The seeds of animal-food doubt were first planted early in Campbell’s career, while he was working in the Philippines on a project to help combat malnutrition. A colleague informed him of a startling trend: liver cancer was plaguing affluent Filipinos at a much higher rate than their less-wealthy counterparts—a phenomenon that, despite a slew of other lifestyle differences, Campbell believed was linked to their higher intake of animal protein.1 Bolstering his suspicions, Campbell also learned of a recent study from India showing that a high protein intake spurred liver cancer in rats, while a low protein intake seemed to prevent it.2 Intrigued by this gem of little-known research, Campbell decided to investigate the role of nutrition in cancer growth himself—an endeavor that ended up lasting several decades and producing over one hundred publications (none of which pertained to Fight Club).3
The China Study relayed Campbell’s findings with powerful simplicity. In a series of experiments, Campbell and his team exposed rats to very high levels of aflatoxin—a carcinogen produced by mold that grows on peanuts and corn—and then fed them a diet containing varying levels of the milk protein casein. In study after study, the rats eating only 5 percent of their total calories as casein remained tumor-free, while the rats eating 20 percent of their calories as casein developed abnormal growths that marked the beginning of liver cancer. As Campbell described, he could control cancer in those rodents “like flipping a light switch on and off,” simply by altering the amount of casein they consumed.4
Despite these provocative findings, Campbell wasn’t ready to declare all protein a threat to public health and stamp the peanut butter aisle with Mr. Yuk stickers. Animal protein, it turned out, seemed to be uniquely villainous. In several of his experiments, when the aflatoxin-exposed rats were fed wheat protein or soy protein in place of casein, they didn’t develop any cancer—even at the 20 percent level that proved so detrimental with casein.5 It seemed that those plant proteins were not only PETA-approved, but also the least likely to turn rat livers into tumor factories.

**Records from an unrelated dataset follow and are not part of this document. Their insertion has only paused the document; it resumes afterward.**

(* Let $A\in\mathbb Z^{d\times n}$ with $\ker(A)\cap\mathbb N^n=\{0\}$. If a set of moves $B\subseteq\ker(A)$ reduces the distance of the Graver basis $G(A)$, then $B$ is a Markov basis of $A$.
   Context: For $z\in\mathbb Z^n$, $z^\pm\in\mathbb N^n$ are the unique vectors with disjoint supports and $z=z^+-z^-$; $\|\cdot\|$ is the $1$-norm. A Markov basis is a set $B\subseteq\ker(A)$ such that $\{x^{u^+}-x^{u^-}:u\in B\}$ generates the toric ideal $I_A=\langle x^{u^+}-x^{u^-}:u\in\ker(A)\rangle$. The Graver basis $G(A)$ is the set of nonzero $z\in\ker(A)$ admitting no decomposition $z=u+v$ with $u,v\in\ker(A)\setminus\{0\}$, $z^+=u^++v^+$, $z^-=u^-+v^-$. For nonzero $z\in\ker(A)$, $u\in\ker(A)$ reduces the distance of $z$ if there exist $(p,q)\in\{(z^+,z^-),(z^-,z^+)\}$ and $\varepsilon\in\{\pm1\}$ with $p+\varepsilon u\in\mathbb N^n$ and $\|p+\varepsilon u-q\|<\|z\|$; $B$ reduces the distance of $Z$ if every nonzero $z\in Z$ has its distance reduced by some element of $B$. *)

theory Defs
  imports "HOL-Analysis.Analysis" "HOL-Library.Poly_Mapping"
begin

definition kerZ :: "int^'n^'d \<Rightarrow> (int^'n) set" where
  "kerZ A = {z. A *v z = 0}"

definition natvec :: "int^'n \<Rightarrow> bool" where
  "natvec p \<longleftrightarrow> (\<forall>i. 0 \<le> p $ i)"

definition pos_part :: "int^'n \<Rightarrow> int^'n" where
  "pos_part z = (\<chi> i. max (z $ i) 0)"

definition neg_part :: "int^'n \<Rightarrow> int^'n" where
  "neg_part z = (\<chi> i. max (- (z $ i)) 0)"

definition norm1 :: "int^'n::finite \<Rightarrow> int" where
  "norm1 z = (\<Sum>i\<in>UNIV. \<bar>z $ i\<bar>)"

text \<open>Polynomial ring k[x_i : i in 'n]: monomials are exponent vectors 'n =>0 nat.\<close>

definition mono :: "int^'n \<Rightarrow> (('n \<Rightarrow>\<^sub>0 nat) \<Rightarrow>\<^sub>0 'k::field)" where
  "mono u = Poly_Mapping.single (Abs_poly_mapping (\<lambda>i. nat (u $ i))) 1"
(* Since R is constant, so is S, and every term containing the gradient of S vanishes.
   Applying the Hodge star once more to the field equation, which is possible because the
   volume form is normalised, gives A_abc = (-1)^q m e_bc^d Phi_ad; moreover Phi is symmetric,
   since the Ricci tensor of the Levi-Civita connection is (this uses the symmetry of the second
   derivatives of g). What remains is pointwise linear algebra with the null vector k and its
   lowered form k_a = g_ab k^b, which satisfies k^a k_a = 0 and k_a <> 0.
   (1) says that Phi k is proportional to k_a, so k^a k^b A_abc is a multiple of
   e_bcd k^b k^d = 0. (2): contracting A with k^a produces e applied to Phi k = 0.
   (3) says Phi = mu k_a k_b, whence Phi k = mu k_a (k^b k_b) = 0, and k^c A_abc is a multiple
   of e_bcd k^c k^d = 0. *)

section \<open>Partial derivatives and Schwarz's theorem\<close>

lemma pd_cong:
  assumes "open U" "x \<in> U" "\<And>y. y \<in> U \<Longrightarrow> f y = h y"
  shows "pd f i x = pd h i x"
proof -
  have "(f has_derivative f') (at x) \<longleftrightarrow> (h has_derivative f') (at x)" for f'
    using assms has_derivative_transform_within_open[of f _ x UNIV U h]
      has_derivative_transform_within_open[of h _ x UNIV U f] by auto
  then show ?thesis
    unfolding pd_def frechet_derivative_def by simp
qed

lemma pd_eq_has_derivative:
  assumes "(f has_derivative f') (at x)"
  shows "pd f i x = f' (axis i 1)"
  using assms frechet_derivative_at unfolding pd_def by metis

lemma pd_const [simp]: "pd (\<lambda>y. c) i x = 0"
  unfolding pd_def by simp

lemma pd_mult:
  fixes f h :: "real^3 \<Rightarrow> real"
  assumes "f differentiable (at x)" "h differentiable (at x)"
  shows "pd (\<lambda>y. f y * h y) i x = f x * pd h i x + pd f i x * h x"
  using pd_eq_has_derivative[OF has_derivative_mult[OF assms[THEN frechet_derivative_works[THEN iffD1]]]]
  unfolding pd_def by simp

lemma pd_cmult:
  fixes f :: "real^3 \<Rightarrow> real"
  assumes "f differentiable (at x)"
  shows "pd (\<lambda>y. c * f y) i x = c * pd f i x"
  using pd_mult[OF differentiable_const assms] by simp

lemma pd_sum:
  fixes f :: "'j \<Rightarrow> real^3 \<Rightarrow> real"
  assumes "finite S" "\<And>j. j \<in> S \<Longrightarrow> f j differentiable (at x)"
  shows "pd (\<lambda>y. \<Sum>j\<in>S. f j y) i x = (\<Sum>j\<in>S. pd (f j) i x)"
proof -
  have "((\<lambda>y. \<Sum>j\<in>S. f j y) has_derivative (\<lambda>v. \<Sum>j\<in>S. frechet_derivative (f j) (at x) v)) (at x)"
    using assms by (intro has_derivative_sum) (auto simp: frechet_derivative_works)
  from pd_eq_has_derivative[OF this] show ?thesis
    unfolding pd_def by simp
qed

lemma has_real_derivative_pd_along_axis:
  fixes f :: "real^3 \<Rightarrow> real"
  assumes "f differentiable (at (y + t *\<^sub>R axis i 1))"
  shows "((\<lambda>t. f (y + t *\<^sub>R axis i 1)) has_real_derivative pd f i (y + t *\<^sub>R axis i 1)) (at t)"
proof -
  let ?f' = "frechet_derivative f (at (y + t *\<^sub>R axis i 1))"
  have "((\<lambda>t. y + t *\<^sub>R axis i 1) has_derivative (\<lambda>s. s *\<^sub>R axis i 1)) (at t)"
    by (auto intro!: derivative_eq_intros)
  from diff_chain_at[OF this assms[unfolded frechet_derivative_works]]
  have "((\<lambda>t. f (y + t *\<^sub>R axis i 1)) has_derivative (\<lambda>s. ?f' (axis i 1) * s)) (at t)"
    using linear_frechet_derivative[OF assms] by (simp add: o_def linear_scale mult.commute)
  then show ?thesis
    unfolding has_field_derivative_def pd_def .
qed

lemma mvt_along_axis:
  fixes f :: "real^3 \<Rightarrow> real"
  assumes "h > 0" and "\<And>t. 0 \<le> t \<Longrightarrow> t \<le> h \<Longrightarrow> f differentiable (at (y + t *\<^sub>R axis i 1))"
  shows "\<exists>z. 0 < z \<and> z < h \<and> f (y + h *\<^sub>R axis i 1) - f y = h * pd f i (y + z *\<^sub>R axis i 1)"
  using MVT2[OF assms(1), of "\<lambda>t. f (y + t *\<^sub>R axis i 1)"] assms(2)
  by (simp add: has_real_derivative_pd_along_axis)

lemma second_difference_eq_pd_difference:
  fixes f :: "real^3 \<Rightarrow> real"
  assumes f: "\<forall>y\<in>U. f differentiable (at y)" and "h > 0"
    and square: "\<And>t s. 0 \<le> t \<Longrightarrow> t \<le> h \<Longrightarrow> 0 \<le> s \<Longrightarrow> s \<le> h \<Longrightarrow>
      x + t *\<^sub>R axis i 1 + s *\<^sub>R axis j 1 \<in> U"
  shows "\<exists>\<xi>. 0 < \<xi> \<and> \<xi> < h \<and>
    f (x + h *\<^sub>R axis i 1 + h *\<^sub>R axis j 1) - f (x + h *\<^sub>R axis i 1) - f (x + h *\<^sub>R axis j 1) + f x
      = h * (pd f i (x + \<xi> *\<^sub>R axis i 1 + h *\<^sub>R axis j 1) - pd f i (x + \<xi> *\<^sub>R axis i 1))"
proof -
  let ?u = "axis i 1 :: real^3" and ?v = "axis j 1 :: real^3"
  have "((\<lambda>t. f ((x + h *\<^sub>R ?v) + t *\<^sub>R ?u) - f (x + t *\<^sub>R ?u)) has_real_derivative
      pd f i ((x + h *\<^sub>R ?v) + t *\<^sub>R ?u) - pd f i (x + t *\<^sub>R ?u)) (at t)"
    if "0 \<le> t" "t \<le> h" for t
  proof -
    have "(x + h *\<^sub>R ?v) + t *\<^sub>R ?u \<in> U" "x + t *\<^sub>R ?u \<in> U"
      using square[of t h] square[of t 0] that \<open>h > 0\<close> by (simp_all add: add_ac)
    then show ?thesis
      using f by (intro DERIV_diff has_real_derivative_pd_along_axis) auto
  qed
  from MVT2[OF \<open>h > 0\<close> this] show ?thesis
    by (simp add: algebra_simps)
qed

These findings led Campbell to his firm and famous conclusion: that all animal protein—but not plant protein—could uniquely promote cancer growth. Out with the steak, in with the tofu! But as several critics have pointed out,6,7 that proclamation required a few somersaults of logic (and maybe some cartwheels of delusion). The effects of casein—particularly isolated casein, separated from other components of dairy that often work synergistically—can’t be generalized to all forms of milk protein, much less all forms of animal protein. An impressive number of studies shows that the other major milk protein, whey, consistently suppresses tumor growth rather than promoting it, likely due to its ability to raise glutathione levels.8,9 Another of Campbell’s own studies suggests that fish protein acts as a cancer-promoter when paired with corn oil, but not when paired with fish oil—highlighting the importance of dietary context (and the neverending terribleness of vegetable oils).10
And the kicker: one of Campbell’s most relevant experiments—which sadly received no mention in The China Study—showed that when wheat gluten is supplemented with lysine to make a complete protein, it behaves exactly like casein to promote tumor growth.11 This means that animal protein doesn’t have some mystical ability to spur cancer by mere virtue of its origin in a sentient creature—just that a full spectrum of amino acids provide the right building blocks for growth, whether it be of malignant cells or healthy ones. And as any vegan who’s been asked “Where do you get your protein?” for the eight hundredth time will answer, even a plant-only diet supplies complete protein through various mixtures of legumes, grains, nuts, vegetables, and other approved vegan fare. Theoretically, a meal of rice and beans would provide the same so-called cancer-promoting amino acids that animal protein does. Indeed, Campbell’s experiments lose their relevance in the context of a normal, real-world diet opposed to the purified menu of casein, sugar, and corn oil his rats received.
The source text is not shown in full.